The dangerous part comes because our physical safety may be in jeopardy, but also because our emotional well-being will be “gloriously ruined” (as Kay calls it) forever. “There will always be a ‘before AIDS’ and ‘after AIDS’ classification for me,” Kay explains. Being ruined to the life you knew before you where in direct contact with hurting people, means more than being disturbed by the statistics and reports of suffering. It requires doing something! Willingly, unreservedly, and deliberately, choosing to take on the pain of others, suffering with them requires self-sacrifice, obedience to Jesus, and surrender.
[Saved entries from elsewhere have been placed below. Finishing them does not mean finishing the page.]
lemma add_self_CHAR_2: "CHAR('a::ring_1) = 2 \<Longrightarrow> (u :: 'a) + u = 0"
  by (metis uminus_CHAR_2 add.right_inverse)

lemma square_eq_1_CHAR_2:
  assumes "CHAR('a::field) = 2" "(a :: 'a) * a = 1"
  shows "a = 1"
proof -
  have "(a + 1) * (a + 1) = (a * a + 1) + (a + a)"
    by (simp add: algebra_simps)
  also have "\<dots> = 0"
    using assms(2) add_self_CHAR_2[OF assms(1), of a] add_self_CHAR_2[OF assms(1), of 1]
    by (simp only: add_0_right)
  finally have "a = - 1"
    by (simp add: eq_neg_iff_add_eq_0)
  then show ?thesis
    using uminus_CHAR_2[OF assms(1), of 1] by simp
qed

lemma SL2_involution_entries:
  fixes z :: "'a::field ^ 2 ^ 2"
  assumes ch: "CHAR('a) = 2" and z: "z \<in> involutions SL2"
  shows "z $ 2 $ 2 = z $ 1 $ 1 \<and> (z $ 1 $ 2 \<noteq> 0 \<or> z $ 2 $ 1 \<noteq> 0)"
proof -
  have sq: "z $ 1 $ 1 * z $ 1 $ 1 + z $ 1 $ 2 * z $ 2 $ 1 = 1"
    "z $ 1 $ 1 * z $ 1 $ 2 + z $ 1 $ 2 * z $ 2 $ 2 = 0"
    "z $ 2 $ 1 * z $ 1 $ 1 + z $ 2 $ 2 * z $ 2 $ 1 = 0"
    "z $ 2 $ 1 * z $ 1 $ 2 + z $ 2 $ 2 * z $ 2 $ 2 = 1"
    using z unfolding involutions_SL2 matrix_2_eq_iff
    by (simp_all add: matrix_mult_2_nth mat_1_2_nth)
  show ?thesis
  proof (cases "z $ 1 $ 2 = 0 \<and> z $ 2 $ 1 = 0")
    case True
    then have "z $ 1 $ 1 * z $ 1 $ 1 = 1" "z $ 2 $ 2 * z $ 2 $ 2 = 1"
      using sq by simp_all
    then have "z $ 1 $ 1 = 1" "z $ 2 $ 2 = 1"
      using square_eq_1_CHAR_2[OF ch] by blast+
    then have "z = mat 1"
      using True unfolding matrix_2_eq_iff by (simp add: mat_1_2_nth)
    then show ?thesis
      using z by (simp add: involutions_SL2)
  next
    case False
    have "z $ 1 $ 2 * (z $ 1 $ 1 + z $ 2 $ 2) = 0" "z $ 2 $ 1 * (z $ 1 $ 1 + z $ 2 $ 2) = 0"
      using sq by (simp_all add: algebra_simps)
    then have "z $ 1 $ 1 + z $ 2 $ 2 = 0"
      using False by auto
    then have "z $ 2 $ 2 = - z $ 1 $ 1"
      by (simp add: eq_neg_iff_add_eq_0 add.commute)
    then show ?thesis
      using False uminus_CHAR_2[OF ch] by simp
  qed
qed

lemma commute_SL2_involution_entries:
  fixes z M :: "'a::field ^ 2 ^ 2"
  assumes ch: "CHAR('a) = 2" and z: "z \<in> involutions SL2" and comm: "M ** z = z ** M"
  shows "M $ 2 $ 2 = M $ 1 $ 1 \<and> z $ 1 $ 2 * M $ 2 $ 1 = z $ 2 $ 1 * M $ 1 $ 2"
proof -
  obtain a b c where zz: "z $ 1 $ 1 = a" "z $ 2 $ 2 = a" "z $ 1 $ 2 = b" "z $ 2 $ 1 = c"
    and bc: "b \<noteq> 0 \<or> c \<noteq> 0"
    using SL2_involution_entries[OF ch z] by metis
  have e: "M $ 1 $ 1 * b + M $ 1 $ 2 * a = a * M $ 1 $ 2 + b * M $ 2 $ 2"
    "M $ 2 $ 1 * a + M $ 2 $ 2 * c = c * M $ 1 $ 1 + a * M $ 2 $ 1"
    "M $ 1 $ 1 * a + M $ 1 $ 2 * c = a * M $ 1 $ 1 + b * M $ 2 $ 1"
    using comm unfolding matrix_2_eq_iff by (simp_all add: matrix_mult_2_nth zz)
  have "b * (M $ 1 $ 1 - M $ 2 $ 2) = 0" "c * (M $ 1 $ 1 - M $ 2 $ 2) = 0"
    using e(1,2) by (auto simp: algebra_simps)
  then have "M $ 1 $ 1 = M $ 2 $ 2"
    using bc by auto
  moreover have "b * M $ 2 $ 1 = c * M $ 1 $ 2"
    using e(3) by (simp add: algebra_simps)
  ultimately show ?thesis
    using zz by simp
qed

lemma SL2_centralizer_involution_square:
  fixes z M :: "'a::field ^ 2 ^ 2"
  assumes ch: "CHAR('a) = 2" and z: "z \<in> involutions SL2"
    and comm: "M ** z = z ** M" and det_M: "det M = 1"
  shows "M ** M = mat 1"
proof -
  have diag: "M $ 2 $ 2 = M $ 1 $ 1"
    using commute_SL2_involution_entries[OF ch z comm] by simp
  then have "M $ 1 $ 1 * M $ 1 $ 1 + M $ 1 $ 2 * M $ 2 $ 1 = 1"
    using det_M by (simp add: det_2 minus_CHAR_2[OF ch])
  moreover have "M $ 1 $ 1 * M $ 1 $ 2 + M $ 1 $ 2 * M $ 1 $ 1 = 0"
    "M $ 2 $ 1 * M $ 1 $ 1 + M $ 1 $ 1 * M $ 2 $ 1 = 0"
    by (metis add_self_CHAR_2[OF ch] mult.commute)+
  ultimately show ?thesis
    using diag unfolding matrix_2_eq_iff
    by (simp add: matrix_mult_2_nth mat_1_2_nth mult.commute add.commute)
qed

lemma SL2_centralizer_involution_commute:
  fixes z M M' :: "'a::field ^ 2 ^ 2"
  assumes ch: "CHAR('a) = 2" and z: "z \<in> involutions SL2"
    and comm: "M ** z = z ** M" and comm': "M' ** z = z ** M'"
  shows "M ** M' = M' ** M"
proof -
  obtain b c where bc: "z $ 1 $ 2 = b" "z $ 2 $ 1 = c" "b \<noteq> 0 \<or> c \<noteq> 0"
    using SL2_involution_entries[OF ch z] by metis
  have M: "M $ 2 $ 2 = M $ 1 $ 1" "b * M $ 2 $ 1 = c * M $ 1 $ 2"
    using commute_SL2_involution_entries[OF ch z comm] bc by auto
  have M': "M' $ 2 $ 2 = M' $ 1 $ 1" "b * M' $ 2 $ 1 = c * M' $ 1 $ 2"
    using commute_SL2_involution_entries[OF ch z comm'] bc by auto
  have "M $ 1 $ 2 * M' $ 2 $ 1 = M' $ 1 $ 2 * M $ 2 $ 1"
  proof (cases "b = 0")
    case True
    then have "M $ 1 $ 2 = 0" "M' $ 1 $ 2 = 0"
      using M(2) M'(2) bc(3) by simp_all
    then show ?thesis
      by simp
  next
    case False
    then have "M $ 2 $ 1 = c * M $ 1 $ 2 / b" "M' $ 2 $ 1 = c * M' $ 1 $ 2 / b"
      using M(2) M'(2) by (simp_all add: field_simps)
    then show ?thesis
      by simp
  qed
  then show ?thesis
    using M(1) M'(1) unfolding matrix_2_eq_iff by (simp add: matrix_mult_2_nth algebra_simps)
qed

lemma SL2_involution_centralizers_elementary_abelian:
  assumes "CHAR('a::field) = 2"
  shows "involution_centralizers_elementary_abelian (SL2 :: ('a ^ 2 ^ 2) monoid)"
proof (intro involution_centralizers_elementary_abelian.intro
    involution_centralizers_elementary_abelian_axioms.intro group_SL2)
  fix z g h :: "'a ^ 2 ^ 2"
  assume z: "z \<in> involutions SL2"
  show "g \<otimes>\<^bsub>SL2\<^esub> h = h \<otimes>\<^bsub>SL2\<^esub> g" if "g \<in> centralizer_in SL2 z" "h \<in> centralizer_in SL2 z"
    unfolding mult_SL2
    by (rule SL2_centralizer_involution_commute[OF assms z])
      (use that in \<open>auto simp: centralizer_in_def\<close>)
  show "g \<otimes>\<^bsub>SL2\<^esub> g = \<one>\<^bsub>SL2\<^esub>" if "g \<in> centralizer_in SL2 z"
    unfolding mult_SL2 one_SL2
    by (rule SL2_centralizer_involution_square[OF assms z])
      (use that in \<open>auto simp: centralizer_in_def\<close>)
qed

definition upper_transvection :: "'a::field ^ 2 ^ 2" where
  "upper_transvection = (\<chi> i j. if i = 2 \<and> j = 1 then 0 else 1)"

definition lower_transvection :: "'a::field ^ 2 ^ 2" where
  "lower_transvection = (\<chi> i j. if i = 1 \<and> j = 2 then 0 else 1)"

lemma transvections_involutive_SL2:
  assumes "CHAR('a::field) = 2"
  shows "(upper_transvection :: 'a ^ 2 ^ 2) \<in> carrier SL2"
    "upper_transvection \<otimes>\<^bsub>SL2\<^esub> upper_transvection = (\<one>\<^bsub>SL2\<^esub> :: 'a ^ 2 ^ 2)"
    "(lower_transvection :: 'a ^ 2 ^ 2) \<in> carrier SL2"
    "lower_transvection \<otimes>\<^bsub>SL2\<^esub> lower_transvection = (\<one>\<^bsub>SL2\<^esub> :: 'a ^ 2 ^ 2)"
  using add_self_CHAR_2[OF assms, of 1]
  by (simp_all add: upper_transvection_def lower_transvection_def det_2 matrix_2_eq_iff
      matrix_mult_2_nth mat_1_2_nth)

lemma SL2_involution_commute_upper_conjugate:
  fixes z :: "'a::field ^ 2 ^ 2"
  defines "w \<equiv> upper_transvection ** z ** upper_transvection"
  assumes ch: "CHAR('a) = 2" and z: "z \<in> involutions SL2" and comm: "w ** z = z ** w"
  shows "z $ 2 $ 1 = 0"
proof -
  obtain a b c where zz: "z $ 1 $ 1 = a" "z $ 2 $ 2 = a" "z $ 1 $ 2 = b" "z $ 2 $ 1 = c"
    using SL2_involution_entries[OF ch z] by metis
  have "b * c = c * (a + c + b + a)"
    using commute_SL2_involution_entries[OF ch z comm]
    by (simp add: w_def matrix_mult_2_nth upper_transvection_def zz)
  then have "b * c = c * c + c * b + c * (a + a)"
    by (simp add: algebra_simps)
  then have "c * c = 0"
    using add_self_CHAR_2[OF ch, of a] by (simp add: mult.commute)
  then show ?thesis
    using zz by simp
qed

lemma SL2_involution_commute_lower_conjugate:
  fixes z :: "'a::field ^ 2 ^ 2"
  defines "w \<equiv> lower_transvection ** z ** lower_transvection"
  assumes ch: "CHAR('a) = 2" and z: "z \<in> involutions SL2" and comm: "w ** z = z ** w"
  shows "z $ 1 $ 2 = 0"
proof -
  obtain a b c where zz: "z $ 1 $ 1 = a" "z $ 2 $ 2 = a" "z $ 1 $ 2 = b" "z $ 2 $ 1 = c"
    using SL2_involution_entries[OF ch z] by metis
  have "c * b = b * (a + b + c + a)"
    using commute_SL2_involution_entries[OF ch z comm]
    by (simp add: w_def matrix_mult_2_nth lower_transvection_def zz)
  then have "c * b = b * b + b * c + b * (a + a)"
    by (simp add: algebra_simps)
  then have "b * b = 0"
    using add_self_CHAR_2[OF ch, of a] by (simp add: mult.commute)
  then show ?thesis
    using zz by simp
qed

lemma SL2_involution_noncommuting_conjugate:
  fixes z :: "'a::field ^ 2 ^ 2"
  assumes ch: "CHAR('a) = 2" and z: "z \<in> involutions SL2"
  shows "\<exists>w\<in>conj_class SL2 z. z ** w \<noteq> w ** z"
proof -
  interpret SL2: group "SL2 :: ('a ^ 2 ^ 2) monoid"
    by (rule group_SL2)
  have "z \<in> carrier SL2"
    using z by (simp add: involutions_SL2)
  then have "upper_transvection ** z ** upper_transvection \<in> conj_class SL2 z"
    "lower_transvection ** z ** lower_transvection \<in> conj_class SL2 z"
    using SL2.conj_by_involution_mem_conj_class transvections_involutive_SL2[OF ch] by simp_all
  then show ?thesis
    using SL2_involution_entries[OF ch z] SL2_involution_commute_upper_conjugate[OF ch z]
      SL2_involution_commute_lower_conjugate[OF ch z]
    by metis
qed

theorem proposition3p3:
  fixes x :: "'a::{field, finite} ^ 2 ^ 2"
  assumes "CHAR('a) = 2"
    and "x \<in> carrier SL2" and "x \<noteq> \<one>\<^bsub>SL2\<^esub>" and "x \<otimes>\<^bsub>SL2\<^esub> x = \<one>\<^bsub>SL2\<^esub>"
  defines "C \<equiv> conj_class SL2 x"
  shows "(\<forall>a\<in>C. \<forall>b\<in>C. killing_adj SL2 C a b \<longleftrightarrow> commuting_adj SL2 a b)
         \<and> \<not> killing_irreducible SL2 C
         \<and> killing_nondegenerate SL2 C"
proof -
  interpret involution_centralizers_elementary_abelian "SL2 :: ('a ^ 2 ^ 2) monoid"
    using assms(1) by (rule SL2_involution_centralizers_elementary_abelian)
  have x: "x \<in> involutions SL2"
    using assms(2-4) by (simp add: involutions_def)
  then have C: "C \<subseteq> involutions SL2"
    unfolding C_def by (rule conj_class_subset_involutions)
  have "x \<in> C"
    unfolding C_def using assms(2) by (rule mem_conj_class_self)
  moreover obtain w where "w \<in> C" "x \<otimes>\<^bsub>SL2\<^esub> w \<noteq> w \<otimes>\<^bsub>SL2\<^esub> x"
    using SL2_involution_noncommuting_conjugate[OF assms(1) x] by (auto simp: C_def)
  ultimately show ?thesis
    using killing_adj_iff_commuting_adj[OF C] not_killing_irreducible_if_noncommuting[OF C]
      killing_nondegenerate_if_noncommuting[OF C]
    by auto
qed

end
Kay sees the solution to the AIDS crisis in the church. No other organization on earth is bigger than Christ’s church. Churches are a part of a grassroots networking system, more effective than any bureaucracy. What other institution has the power of Almighty God associated with it? The challenge to all of us who share with Christ in the sufferings of others is found in Kay’s answer to the inevitable question of why anyone should put their faith in the ordinary, flawed “losers” who makeup the church: “Because,” she says, “God does.”